On April 5, 1941, Fukuzawa and art critic Shuzo Takiguchi were arrested and imprisoned by the Special Higher Police because the government viewed Surrealism as Communist propaganda. The case has since been described as one of the best-known incidents in the wartime repression of Japanese Surrealism. The incident occurred after authorities deemed Fukuzawa's art had violated the Peace Preservation Law (1925), a national policy designed to suppress political demonstrations or creative expression that espoused anti-imperial and pro-Western beliefs.

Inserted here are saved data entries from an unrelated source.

(* Let $R$ be an NJ-symmetric ring. Then $R/J(R)$ is reduced (has no nonzero nilpotent elements) if either (1) $R$ is semiperiodic, or (2) $R$ is left SF.
   Context: Rings are associative with identity. $N(R)$ is the set of nilpotent elements, $J(R)$ the Jacobson radical, $Z(R)$ the center. $R$ is NJ-symmetric if for all $a,b,c\in R$, $abc\in N(R)$ implies $bac\in J(R)$. $R$ is semiperiodic if for each $a\in R\setminus (J(R)\cup Z(R))$ there exist positive integers $p,q$ of opposite parity with $a^q-a^p\in N(R)$. $R$ is left SF if every simple left $R$-module is flat. *)

theory Defs
  imports Main
begin

definition nilpotents :: "'a::ring_1 set" where
  "nilpotents = {x. \<exists>n::nat. x ^ n = 0}"

definition ring_center :: "'a::ring_1 set" where
  "ring_center = {x. \<forall>y. x * y = y * x}"

definition left_ideal :: "'a::ring_1 set \<Rightarrow> bool" where
  "left_ideal I \<longleftrightarrow> 0 \<in> I \<and> (\<forall>x\<in>I. \<forall>y\<in>I. x + y \<in> I) \<and> (\<forall>x\<in>I. - x \<in> I)
     \<and> (\<forall>r. \<forall>x\<in>I. r * x \<in> I)"

definition right_ideal :: "'a::ring_1 set \<Rightarrow> bool" where
  "right_ideal I \<longleftrightarrow> 0 \<in> I \<and> (\<forall>x\<in>I. \<forall>y\<in>I. x + y \<in> I) \<and> (\<forall>x\<in>I. - x \<in> I)
     \<and> (\<forall>r. \<forall>x\<in>I. x * r \<in> I)"

definition maximal_left_ideal :: "'a::ring_1 set \<Rightarrow> bool" where
  "maximal_left_ideal I \<longleftrightarrow> left_ideal I \<and> I \<noteq> UNIV \<and>
     (\<forall>K. left_ideal K \<and> I \<subseteq> K \<and> K \<noteq> UNIV \<longrightarrow> K = I)"

definition jacobson :: "'a::ring_1 set" where
  "jacobson = \<Inter> {I. maximal_left_ideal I}"

definition NJ_symmetric :: "'a::ring_1 itself \<Rightarrow> bool" where
  "NJ_symmetric _ \<longleftrightarrow> (\<forall>a b c::'a. a * b * c \<in> nilpotents \<longrightarrow> b * a * c \<in> jacobson)"

definition semiperiodic :: "'a::ring_1 itself \<Rightarrow> bool" where
  "semiperiodic _ \<longleftrightarrow> (\<forall>a::'a. a \<notin> jacobson \<union> ring_center \<longrightarrow>
     (\<exists>p q::nat. p > 0 \<and> q > 0 \<and> odd (p + q) \<and> a ^ q - a ^ p \<in> nilpotents))"

text \<open>R/J(R) is reduced: every element whose image in R/J(R) is nilpotent lies in J(R).\<close>
definition quotient_jacobson_reduced :: "'a::ring_1 itself \<Rightarrow> bool" where
  "quotient_jacobson_reduced _ \<longleftrightarrow> (\<forall>a::'a. (\<exists>n::nat. a ^ n \<in> jacobson) \<longrightarrow> a \<in> jacobson)"

definition left_module ::
  "'b set \<Rightarrow> ('b \<Rightarrow> 'b \<Rightarrow> 'b) \<Rightarrow> 'b \<Rightarrow> ('a::ring_1 \<Rightarrow> 'b \<Rightarrow> 'b) \<Rightarrow> bool" where
  "left_module M add z sm \<longleftrightarrow>
     z \<in> M \<and> (\<forall>x\<in>M. \<forall>y\<in>M. add x y \<in> M) \<and> (\<forall>r. \<forall>x\<in>M. sm r x \<in> M)
     \<and> (\<forall>x\<in>M. \<forall>y\<in>M. \<forall>w\<in>M. add (add x y) w = add x (add y w))
     \<and> (\<forall>x\<in>M. \<forall>y\<in>M. add x y = add y x)
     \<and> (\<forall>x\<in>M. add z x = x)
     \<and> (\<forall>x\<in>M. \<exists>y\<in>M. add x y = z)
     \<and> (\<forall>r. \<forall>x\<in>M. \<forall>y\<in>M. sm r (add x y) = add (sm r x) (sm r y))
     \<and> (\<forall>r s. \<forall>x\<in>M. sm (r + s) x = add (sm r x) (sm s x))
     \<and> (\<forall>r s. \<forall>x\<in>M. sm (r * s) x = sm r (sm s x))
     \<and> (\<forall>x\<in>M. sm 1 x = x)"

Following his release and throughout the remainder of the military conflict, Fukuzawa abandoned the Surrealist style and shifted his attention to floral still life and seascape war paintings. Of these, his 1945 painting Shipborne Special Unit Leaves the Base was one of few that specifically referenced Japan's military involvement. A lone Japanese soldier is portrayed on a patrol boat in the middle of a fierce storm. Similar to Oxen, this piece demonstrates Fukuzawa's ambivalence in the subject's relationship to the State's agenda. The National Museum of Modern Art, Tokyo's text on the work states the image was copied from a film still, and art historians interpret Fukuzawa's ambiguity to be an ironic pictorial statement on the futility of the war.

== Return to Surrealism (1945–1950) ==
Fukuzawa resumed his pre-1945 stylistic approach, but his paintings evolved into a thematically somber amalgamation of Surrealistic and Expressionist attributes. Dante Alighieri's 14th Century narrative poem The Divine Comedy contributed to this change as Fukuzawa incorporated violently disfigured bodies caught amid chaos, bloodshed, and misery. Moreover, the concept of Hell became a recurring theme throughout the remainder of his career.

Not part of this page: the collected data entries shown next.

lemma remove_class:
  assumes m: "m \<in> P"
  shows "unit_transversal (P - {m}) c t"
proof
  show "transversals_independent (P - {m}) c"
    unfolding transversals_independent_def
  proof (intro allI impI)
    fix y J assume y: "\<forall>A\<in>P - {m}. y A \<in> A" and J: "J \<subseteq> P - {m} \<and> J \<noteq> {}"
    show "\<exists>k\<in>P - {m}. (\<Sum>A\<in>J. c (y A) k) \<noteq> 0"
    proof (rule ccontr)
      assume zero: "\<not> ?thesis"
      \<comment> \<open>Extended by t m, the sum over J can be nonzero only at m, where adding t m cancels it.\<close>
      define y' where "y' = y(m := t m)"
      have y': "\<forall>A\<in>P. y' A \<in> A" using y t_in by (simp add: y'_def)
      have fJ: "finite J" using J finite finite_subset by blast
      have sum_y': "(\<Sum>A\<in>J. c (y' A) k) = (\<Sum>A\<in>J. c (y A) k)" for k
        using J by (intro sum.cong) (auto simp: y'_def)
      obtain k where k: "k \<in> P" "(\<Sum>A\<in>J. c (y' A) k) \<noteq> 0"
        using transversals_independentD[OF independent y'] J by blast
      with zero sum_y' have "k = m" by (metis DiffI singletonD)
      with k sum_y' have sum_m: "(\<Sum>A\<in>J. c (y A) m) = 1" by simp
      have "insert m J \<subseteq> P" using J m by auto
      then obtain k' where k': "k' \<in> P" "(\<Sum>A\<in>insert m J. c (y' A) k') \<noteq> 0"
        using transversals_independentD[OF independent y'] by blast
      have "m \<notin> J" using J by auto
      hence "(\<Sum>A\<in>insert m J. c (y' A) k') = (if k' = m then 1 else 0) + (\<Sum>A\<in>J. c (y A) k')"
        using fJ sum_y' k'(1) m by (simp add: y'_def c_t)
      with k' sum_m zero show False by (cases "k' = m") auto
    qed
  qed
qed (use finite t_in c_t in auto)

lemma restriction_coordinates_permute:
  assumes none: "\<nexists>i. private_coordinate P c i"
    and s: "\<And>m. m \<in> P \<Longrightarrow> private_coordinate (P - {m}) c (s m)"
  shows "\<And>m. m \<in> P \<Longrightarrow> \<exists>x\<in>m. c x (s m) = 1" and "s ` P = P"
proof -
  \<comment> \<open>As s m is not private for P, its support must meet the class m.\<close>
  show hit: "\<exists>x\<in>m. c x (s m) = 1" if m: "m \<in> P" for m
  proof -
    have "s m \<in> P" using s[OF m] by (simp add: private_coordinate_def)
    with none obtain A x where "A \<in> P - {s m}" "x \<in> A" "c x (s m) \<noteq> 0"
      unfolding private_coordinate_def by blast
    moreover from calculation s[OF m] have "A = m" unfolding private_coordinate_def by blast
    ultimately show ?thesis by auto
  qed
  have "inj_on s P"
  proof (rule inj_onI)
    fix m m' assume mm: "m \<in> P" "m' \<in> P" "s m = s m'"
    obtain x where x: "x \<in> m" "c x (s m) = 1" using hit[OF mm(1)] by blast
    show "m = m'"
    proof (rule ccontr)
      assume "m \<noteq> m'"
      hence "m \<in> P - {m'} - {s m'}" using mm s[OF mm(1)] by (auto simp: private_coordinate_def)
      with s[OF mm(2)] x mm(3) show False by (auto simp: private_coordinate_def)
    qed
  qed
  then show "s ` P = P"
    using s by (intro endo_inj_surj[OF finite]) (auto simp: private_coordinate_def)
qed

Group of Figures Defeated in Battle (1948) is regarded as Fukuzawa's first major individualized painting post-1945. A pile of muscular, nude figures are piled onto one another in a barren desert landscape. The entanglement of the bodies’ limbs obscure their faces, and the composition's solemn and melancholic mood conveys Fukuzawa's acknowledgement of the devastating effects of war on human life.

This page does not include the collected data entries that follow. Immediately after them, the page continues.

(* Let $\alpha>1$ and let $m_0\in\mathrm{BUC}([0,\infty))$ be non-decreasing with $m_0(0)=0$, $M=\sup m_0>0$, and suppose there is $c_0\in(0,\infty)$ with $m_0(\rho)<M$ for $\rho<c_0$ and $m_0(\rho)=M$ for $\rho\ge c_0$ (i.e. $c_0=\max\operatorname{supp}u_0$ for $u_0=(m_0)_\rho$). If $$\limsup_{\rho\to c_0^-}\frac{M-m_0(\rho)}{(c_0-\rho)^{\frac\alpha{\alpha-1}}}<+\infty,$$ then there is a waiting time: there exists $T>0$ such that the viscosity solution $m$ of the mass problem with datum $m_0$ satisfies $m(t,\rho)=M$ for all $\rho\ge c_0$ and all $t\in[0,T)$ (so the support of $u(t,\cdot)=m_\rho(t,\cdot)$ stays in $[0,c_0]$).
   Context: $\mathrm{BUC}$ denotes bounded uniformly continuous functions. The mass problem is $m_t+(m_\rho)_+^\alpha m=0$ ($t,\rho>0$), $m(t,0)=0$, $m(0,\cdot)=m_0$, understood in the viscosity sense: with Fréchet super/subdifferentials $D^\pm$, a continuous $m$ is a subsolution if $p_1+(p_2)_+^\alpha m\le0$ for $(p_1,p_2)\in D^+m(t,\rho)$, $m(0,\cdot)\le m_0$, $m(t,0)\le0$; a supersolution with reversed inequalities and $D^-$; a solution if both. Known facts used as standing background: for $m_0\in\mathrm{BUC}$ non-decreasing with $m_0(0)=0$ there is a unique $\mathrm{BUC}$ viscosity solution, and uniformly continuous sub- and supersolutions are ordered (comparison principle). *)

theory Defs
  imports "HOL-Analysis.Analysis"
begin

definition closed_quad :: "(real \<times> real) set" where
  "closed_quad = {0..} \<times> {0..}"

definition open_quad :: "(real \<times> real) set" where
  "open_quad = {0<..} \<times> {0<..}"

definition BUC2 :: "(real \<Rightarrow> real \<Rightarrow> real) \<Rightarrow> bool" where
  "BUC2 m \<longleftrightarrow> bounded ((\<lambda>(t, r). m t r) ` closed_quad)
     \<and> uniformly_continuous_on closed_quad (\<lambda>(t, r). m t r)"

definition BUC1 :: "(real \<Rightarrow> real) \<Rightarrow> bool" where
  "BUC1 f \<longleftrightarrow> bounded (f ` {0..}) \<and> uniformly_continuous_on {0..} f"

definition frechet_super :: "(real \<Rightarrow> real \<Rightarrow> real) \<Rightarrow> real \<Rightarrow> real \<Rightarrow> (real \<times> real) set" where
  "frechet_super m t \<rho> = {(p1, p2). \<forall>\<epsilon>>0. \<exists>\<delta>>0. \<forall>s r. (s, r) \<in> open_quad \<longrightarrow>
       dist (s, r) (t, \<rho>) < \<delta> \<longrightarrow>
       m s r - m t \<rho> - p1 * (s - t) - p2 * (r - \<rho>) \<le> \<epsilon> * dist (s, r) (t, \<rho>)}"

definition frechet_sub :: "(real \<Rightarrow> real \<Rightarrow> real) \<Rightarrow> real \<Rightarrow> real \<Rightarrow> (real \<times> real) set" where
  "frechet_sub m t \<rho> = {(p1, p2). \<forall>\<epsilon>>0. \<exists>\<delta>>0. \<forall>s r. (s, r) \<in> open_quad \<longrightarrow>
       dist (s, r) (t, \<rho>) < \<delta> \<longrightarrow>
       m s r - m t \<rho> - p1 * (s - t) - p2 * (r - \<rho>) \<ge> - \<epsilon> * dist (s, r) (t, \<rho>)}"

definition ham :: "real \<Rightarrow> real \<Rightarrow> real \<Rightarrow> real" where
  "ham \<alpha> p2 v = (max p2 0) powr \<alpha> * v"

definition visc_subsol :: "real \<Rightarrow> (real \<Rightarrow> real) \<Rightarrow> (real \<Rightarrow> real \<Rightarrow> real) \<Rightarrow> bool" where
  "visc_subsol \<alpha> m0 m \<longleftrightarrow>
     continuous_on closed_quad (\<lambda>(t, r). m t r)
   \<and> (\<forall>t>0. \<forall>\<rho>>0. \<forall>(p1, p2) \<in> frechet_super m t \<rho>. p1 + ham \<alpha> p2 (m t \<rho>) \<le> 0)
   \<and> (\<forall>\<rho>\<ge>0. m 0 \<rho> \<le> m0 \<rho>)
   \<and> (\<forall>t\<ge>0. m t 0 \<le> 0)"

definition visc_supersol :: "real \<Rightarrow> (real \<Rightarrow> real) \<Rightarrow> (real \<Rightarrow> real \<Rightarrow> real) \<Rightarrow> bool" where
  "visc_supersol \<alpha> m0 m \<longleftrightarrow>
     continuous_on closed_quad (\<lambda>(t, r). m t r)
   \<and> (\<forall>t>0. \<forall>\<rho>>0. \<forall>(p1, p2) \<in> frechet_sub m t \<rho>. p1 + ham \<alpha> p2 (m t \<rho>) \<ge> 0)
   \<and> (\<forall>\<rho>\<ge>0. m 0 \<rho> \<ge> m0 \<rho>)
   \<and> (\<forall>t\<ge>0. m t 0 \<ge> 0)"

definition visc_sol :: "real \<Rightarrow> (real \<Rightarrow> real) \<Rightarrow> (real \<Rightarrow> real \<Rightarrow> real) \<Rightarrow> bool" where
  "visc_sol \<alpha> m0 m \<longleftrightarrow> visc_subsol \<alpha> m0 m \<and> visc_supersol \<alpha> m0 m"

end

theory Submission
  imports Defs
begin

== Global explorations (1950–1970) ==
On a quest for renewed artistic inspiration, Fukuzawa traveled extensively throughout Europe, the United States, Mexico, Latin America, Australia, and mainland Asia.

Fukuzawa's return to Europe in 1952 coincided with a major Pablo Picasso exhibition. Picasso's signature Cubist style coupled with Fukuzawa's studies of indigenous African and Latin American sculptures at the Musée de l'Homme led him to incorporate more abstracted figuration into his paintings, most recognizable in his "Latin American" series.

Visits to Mexico and Brazil to examine indigenous art in situ culminated in Fukuzawa's insertion of more visually dynamic color schemes during the mid-1950s and early-1960s. Man with a Watermelon (1955) employs a much brighter palette than any of his previous work as seen in the striking pinks, purples, and blues surrounding the central figure. The multicolored shapes that comprise the subject's body recall Picasso's Cubist dematerialization of three-dimensional forms.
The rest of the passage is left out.